Janine H. Van Ree, Karthik B. Jeganathan, Liviu Malureanu, Jan M. Van Deursen

Research output: Contribution to journalArticle

131 Scopus citations

Abstract

The anaphase-promoting complex/cyclosome (APC/C) E3 ubiquitin ligase functions with the E2 ubiquitin-conjugating enzyme UbcH10 in the orderly progression through mitosis by marking key mitotic regulators for destruction by the 26-S proteasome. UbcH10 is overexpressed in many human cancer types and is associated with tumor progression. However, whether UbcH10 overexpression causes tumor formation is unknown.
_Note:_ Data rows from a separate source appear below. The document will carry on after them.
theorem proposition4:
  fixes U :: "(real^'n::finite) set"
    and Gam :: "'n \<Rightarrow> 'n \<Rightarrow> 'n \<Rightarrow> real^'n \<Rightarrow> real"
    and c :: "'n \<Rightarrow> 'n \<Rightarrow> real^'n \<Rightarrow> real"
    and z :: "'n pt" and i j k :: 'n
  assumes "open U"
    and "\<forall>h a b. smooth_on U (Gam h a b)"
    and "\<forall>a b. smooth_on U (c a b)"
    and "\<forall>h a b. \<forall>x\<in>U. Gam h a b x = Gam h b a x"
    and "\<forall>a b. \<forall>x\<in>U. c a b x = c b a x"
    and "fst z \<in> U"
  shows
    "curv (tnabla Gam c) (Eframe Gam (Inl i)) (Eframe Gam (Inl j)) (Eframe Gam (Inl k)) z =
       (\<lambda>B. \<Sum>h\<in>UNIV. Rc Gam i j k h (fst z) * Eframe Gam (Inl h) z B
          + (1/2) * ( (nnc Gam c i k j h (fst z) - nnc Gam c i h j k (fst z))
                    - (nnc Gam c j k i h (fst z) - nnc Gam c j h i k (fst z))
                    - (\<Sum>m\<in>UNIV. Rc Gam i j k m (fst z) * c m h (fst z))
                    - (\<Sum>m\<in>UNIV. Rc Gam i j h m (fst z) * c k m (fst z)) )
            * Eframe Gam (Inr h) z B)
   \<and> curv (tnabla Gam c) (Eframe Gam (Inl i)) (Eframe Gam (Inl j)) (Eframe Gam (Inr k)) z =
       (\<lambda>B. \<Sum>h\<in>UNIV. Rc Gam j i h k (fst z) * Eframe Gam (Inr h) z B)
   \<and> curv (tnabla Gam c) (Eframe Gam (Inl i)) (Eframe Gam (Inr j)) (Eframe Gam (Inl k)) z = (\<lambda>B. 0)
   \<and> curv (tnabla Gam c) (Eframe Gam (Inl i)) (Eframe Gam (Inr j)) (Eframe Gam (Inr k)) z = (\<lambda>B. 0)
   \<and> curv (tnabla Gam c) (Eframe Gam (Inr i)) (Eframe Gam (Inl j)) (Eframe Gam (Inl k)) z = (\<lambda>B. 0)
   \<and> curv (tnabla Gam c) (Eframe Gam (Inr i)) (Eframe Gam (Inl j)) (Eframe Gam (Inr k)) z = (\<lambda>B. 0)
   \<and> curv (tnabla Gam c) (Eframe Gam (Inr i)) (Eframe Gam (Inr j)) (Eframe Gam (Inl k)) z = (\<lambda>B. 0)
   \<and> curv (tnabla Gam c) (Eframe Gam (Inr i)) (Eframe Gam (Inr j)) (Eframe Gam (Inr k)) z = (\<lambda>B. 0)"
proof -
  \<comment> \<open>The Ricci identity holds for every (0,2)-tensor.\<close>
  note frame_curv_coeffs = frame_curv_coeff_hhh_h frame_curv_coeff_hhh_v[OF assms(1-3,6,4)]
    frame_curv_coeff_hhv_h frame_curv_coeff_hhv_v[OF assms(1-3,6)] frame_curv_coeff_vertical_direction
  show ?thesis
    by (simp add: curv_Eframe sum_UNIV_Plus sum.distrib frame_curv_coeffs)
qed

end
To address this central question and to define the molecular and cellular consequences of UbcH10 overexpression, we generated a series of transgenic mice in which UbcH10 was overexpressed in graded fashion. In this study, we show that UbcH10 overexpression leads to precocious degradation of cyclin B by the APC/C, supernumerary centrioles, lagging chromosomes, and aneuploidy. Importantly, we find that UbcH10 transgenic mice are prone to carcinogen-induced lung tumors and a broad spectrum of spontaneous tumors. Our results identify UbcH10 as a prominent protooncogene that causes whole chromosome instability and tumor formation over a wide gradient of overexpression levels.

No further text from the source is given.